Urine For a Tale- Or Pissed Off About Peeing

Blogging is a wonderful thing. You get involved with all sorts of interesting people and all kinds of interesting stories. It is an ever changing adventure because you truly never know what is just around the bend. There is always a new story to tell and new blogs to read.

One of the aspects that truly drives me is the interaction with the readers and other bloggers. Blogging is voyeuristic. There is a certain interest in reading about other people’s lives and in seeing their comments on your own. It is a real learning experience in which you receive an education about how others live their lives.

In March of ’06 I published Teach Your Boy to Pee Like a Man. It was a simple post that featured Peter Potty, the Toddler Urinal. As you can see it is a real product. Sadly, Shack Enterprises is not responsible for this one, but stay tuned because our inventors are always working hard to come up with new and exciting products that improve your lives.

Anyway as it is close to18 months since I wrote this one I had basically forgotten about it. Like a good post it lay there hibernating in cyberspace patiently waiting to be called upon. And sure enough the call came.

This morning I was notified that a reader named Ali had left a very long comment in which he took me to task for my position.

Here is an excerpt: of his lengthy comment:

To my own, peeing while standing is a nasty actions, also it does not feet a man’s character, that’s like you imagine a respectable man standing up still some where, his penis is out and his piss line in front of him! Who made the rule that males MUST stand up while urinating? And don’t relate it to the nature, potentially many things are natural as an ability; one can bring it out (gun), aim and kill, but he has choosing power, although he has the ability, but he may not do it if he is sane; one can just bring it out, aim and piss, but does it mean he can not do it in a way but that?

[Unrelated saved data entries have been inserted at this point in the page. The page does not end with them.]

section \<open>The isomorphism\<close>

definition lhs_subgroups :: "(int \<times> bool) set list" where
  "lhs_subgroups = map (generate D6)
     [{}, {(3, False), (0, True)}, {(3, False), (0, True)}, {(1, False)},
      {(2, False), (0, True)}, {(2, False), (1, True)}]"

definition rhs_subgroups :: "(int \<times> bool) set list" where
  "rhs_subgroups = map (generate D6)
     [{(3, False)}, {(0, True)}, {(1, True)}, {(2, False)},
      {(1, False), (0, True)}, {(1, False), (0, True)}]"

lemmas subgroup_lists_eval =
  lhs_subgroups_def rhs_subgroups_def list.map generate_D6_subgroups generate_D6_generators carrier_D6_list

lemma lattice_subgroups:
  "\<forall>H\<in>set lhs_subgroups. subgroup H D6" "\<forall>K\<in>set rhs_subgroups. subgroup K D6"
  by (auto simp: lhs_subgroups_def rhs_subgroups_def carrier_D6 intro!: D6.generate_is_subgroup)

text \<open>Column \<open>k\<close> of \<open>iso_matrix\<close> holds the coordinates, with respect to the cosets
  of \<open>rhs_transversal\<close>, of the image of the \<open>k\<close>-th coset of \<open>lhs_transversal\<close>. The
  permutations record the action of \<open>r\<^sup>-\<^sup>1 = (5, False)\<close> and \<open>s\<^sup>-\<^sup>1 = (0, True)\<close> on the
  two bases.\<close>

definition lhs_transversal :: "(nat \<times> int \<times> bool) list" where
  "lhs_transversal =
    [(0, (0, False)), (0, (0, True)), (0, (1, False)), (0, (1, True)),
     (0, (2, False)), (0, (2, True)), (0, (3, False)), (0, (3, True)),
     (0, (4, False)), (0, (4, True)), (0, (5, False)), (0, (5, True)),
     (1, (0, False)), (1, (1, False)), (1, (2, False)), (2, (0, False)),
     (2, (1, False)), (2, (2, False)), (3, (0, False)), (3, (0, True)),
     (4, (0, False)), (4, (1, False)), (5, (0, False)), (5, (0, True))]"

definition rhs_transversal :: "(nat \<times> int \<times> bool) list" where
  "rhs_transversal =
    [(0, (0, False)), (0, (0, True)), (0, (1, False)), (0, (1, True)),
     (0, (2, False)), (0, (2, True)), (1, (0, False)), (1, (1, False)),
     (1, (2, False)), (1, (3, False)), (1, (4, False)), (1, (5, False)),
     (2, (0, False)), (2, (0, True)), (2, (1, False)), (2, (2, False)),
     (2, (3, False)), (2, (4, False)), (3, (0, False)), (3, (0, True)),
     (3, (1, False)), (3, (1, True)), (4, (0, False)), (5, (0, False))]"

definition lhs_rotation_perm :: "nat list" where
  "lhs_rotation_perm = [10, 11, 0, 1, 2, 3, 4, 5, 6, 7, 8, 9, 14, 12, 13, 17, 15, 16, 18, 19, 21, 20, 23, 22]"

definition rhs_rotation_perm :: "nat list" where
  "rhs_rotation_perm = [4, 5, 0, 1, 2, 3, 11, 6, 7, 8, 9, 10, 13, 17, 12, 14, 15, 16, 20, 21, 18, 19, 22, 23]"

definition lhs_reflection_perm :: "nat list" where
  "lhs_reflection_perm = [1, 0, 11, 10, 9, 8, 7, 6, 5, 4, 3, 2, 12, 14, 13, 15, 17, 16, 19, 18, 20, 21, 23, 22]"

definition rhs_reflection_perm :: "nat list" where
  "rhs_reflection_perm = [1, 0, 5, 4, 3, 2, 6, 11, 10, 9, 8, 7, 13, 12, 17, 16, 15, 14, 19, 18, 21, 20, 22, 23]"

definition iso_matrix :: "int list list" where
  "iso_matrix =
    [[-1, -1, 1, -2, 0, -2, -1, -1, 1, -2, 0, -2, 1, 2, 1, -1, 2, 0, 2, -1, 0, 0, -2, -2],
     [-1, -1, -2, 0, -2, 1, -1, -1, -2, 0, -2, 1, 1, 1, 2, -1, 0, 2, -1, 2, 0, 0, -2, -2],
     [0, -2, -1, -1, 1, -2, 0, -2, -1, -1, 1, -2, 1, 1, 2, 0, -1, 2, 2, -1, 0, 0, -2, -2],
     [-2, 1, -1, -1, -2, 0, -2, 1, -1, -1, -2, 0, 2, 1, 1, 2, -1, 0, -1, 2, 0, 0, -2, -2],
     [1, -2, 0, -2, -1, -1, 1, -2, 0, -2, -1, -1, 2, 1, 1, 2, 0, -1, 2, -1, 0, 0, -2, -2],
     [-2, 0, -2, 1, -1, -1, -2, 0, -2, 1, -1, -1, 1, 2, 1, 0, 2, -1, -1, 2, 0, 0, -2, -2],
     [0, 0, 0, 0, 0, -1, 0, 0, -1, 0, 0, 0, -1, -1, -1, -1, -2, -2, 0, 0, 0, 1, 1, 1],
     [0, 0, 0, 0, 0, 0, 0, -1, 0, 0, -1, 0, -1, -1, -1, -2, -1, -2, 0, 0, 1, 0, 1, 1],
     [-1, 0, 0, 0, 0, 0, 0, 0, 0, -1, 0, 0, -1, -1, -1, -2, -2, -1, 0, 0, 0, 1, 1, 1],
     [0, 0, -1, 0, 0, 0, 0, 0, 0, 0, 0, -1, -1, -1, -1, -1, -2, -2, 0, 0, 1, 0, 1, 1],
     [0, -1, 0, 0, -1, 0, 0, 0, 0, 0, 0, 0, -1, -1, -1, -2, -1, -2, 0, 0, 0, 1, 1, 1],
     [0, 0, 0, -1, 0, 0, -1, 0, 0, 0, 0, 0, -1, -1, -1, -2, -2, -1, 0, 0, 1, 0, 1, 1],
     [1, 1, 1, 1, 0, -2, -1, 2, 2, -1, -2, 0, 1, 1, 1, 2, 2, -1, 0, 0, -1, -1, 2, 1],
     [1, 1, 0, -2, -1, 2, 2, -1, -2, 0, 1, 1, 1, 1, 1, 2, -1, 2, 0, 0, -1, -1, 1, 2],
     [-2, 0, 1, 1, 1, 1, 0, -2, -1, 2, 2, -1, 1, 1, 1, -1, 2, 2, 0, 0, -1, -1, 1, 2],
     [2, -1, -2, 0, 1, 1, 1, 1, 0, -2, -1, 2, 1, 1, 1, 2, -1, 2, 0, 0, -1, -1, 2, 1],
     [-1, 2, 2, -1, -2, 0, 1, 1, 1, 1, 0, -2, 1, 1, 1, 2, 2, -1, 0, 0, -1, -1, 1, 2],
     [0, -2, -1, 2, 2, -1, -2, 0, 1, 1, 1, 1, 1, 1, 1, -1, 2, 2, 0, 0, -1, -1, 2, 1],
     [-1, 1, 2, 1, -1, 1, 2, 1, -1, 1, 2, 1, 0, 0, 0, 0, 0, 0, 0, 1, -2, 2, 1, 2],
     [1, -1, 1, 2, 1, -1, 1, 2, 1, -1, 1, 2, 0, 0, 0, 0, 0, 0, 1, 0, -2, 2, 2, 1],
     [2, 1, -1, 1, 2, 1, -1, 1, 2, 1, -1, 1, 0, 0, 0, 0, 0, 0, 0, 1, 2, -2, 2, 1],
     [1, 2, 1, -1, 1, 2, 1, -1, 1, 2, 1, -1, 0, 0, 0, 0, 0, 0, 1, 0, 2, -2, 1, 2],
     [2, 2, 2, 2, 2, 2, 2, 2, 2, 2, 2, 2, 1, 1, 1, 2, 2, 2, 2, 2, 1, 1, -2, -2],
     [0, 0, 0, 0, 0, 0, 0, 0, 0, 0, 0, 0, 0, 0, 0, 1, 1, 1, -1, -1, -1, -1, 1, 1]]"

Why stand to pee? Why aim? Aiming is for the time when you are distant to your target and can’t be close to it, but when you can be close to it, and if you are sane, you prefer being close to your target than aiming to the target. So sit down and be relax, the name of the place you are doing that in, is rest room! And why you waste your time and energy in cleaning bathrooms? You can save it for more useful affairs by reducing the need of bathroom to be cleaned!

Let’s take this slowly.

You said “that’s like you imagine a respectable man standing up still some where, his penis is out and his piss line in front of him!”

As a father and a son I have had this very important conversation. There are some helpful safety tips to bear in mind.

  • You should always hold your penis when urinating so that it doesn’t flip and hither and thither. It doesn’t matter which hand you use, just whichever one is comfortable. BTW, I still have nightmares about how Captain Hook does this.
  • Stand close to the urinal, but no so close that you suffer from sprayback.
  • When urinating outdoors remember to urinate with the wind and not into it.

There are many other rules that I could list, but that might impede the flow of the post and derail this stream of thought.

You also said “Why aim? Aiming is for the time when you are distant to your target and can’t be close to it,

My friend, any woman can answer why aiming is important. Of course if you have a sense of humor you probably already know how much fun it is to leave the toilet seat up or intentionally dribble some water on the seat. There are few things that are funnier than hearing the middle of the night squeal of pleasure when she discovers the gifts awaiting her in the dark bathroom.

You also suggest that standing to urinate is not relaxing. Au contraire. Here is a simple test that you can use to prove otherwise. Drink a six pack of beer and then force yourself to wait several hours before answering natures call. I guarantee that you will find that standing fills you with a mighty sense of relief.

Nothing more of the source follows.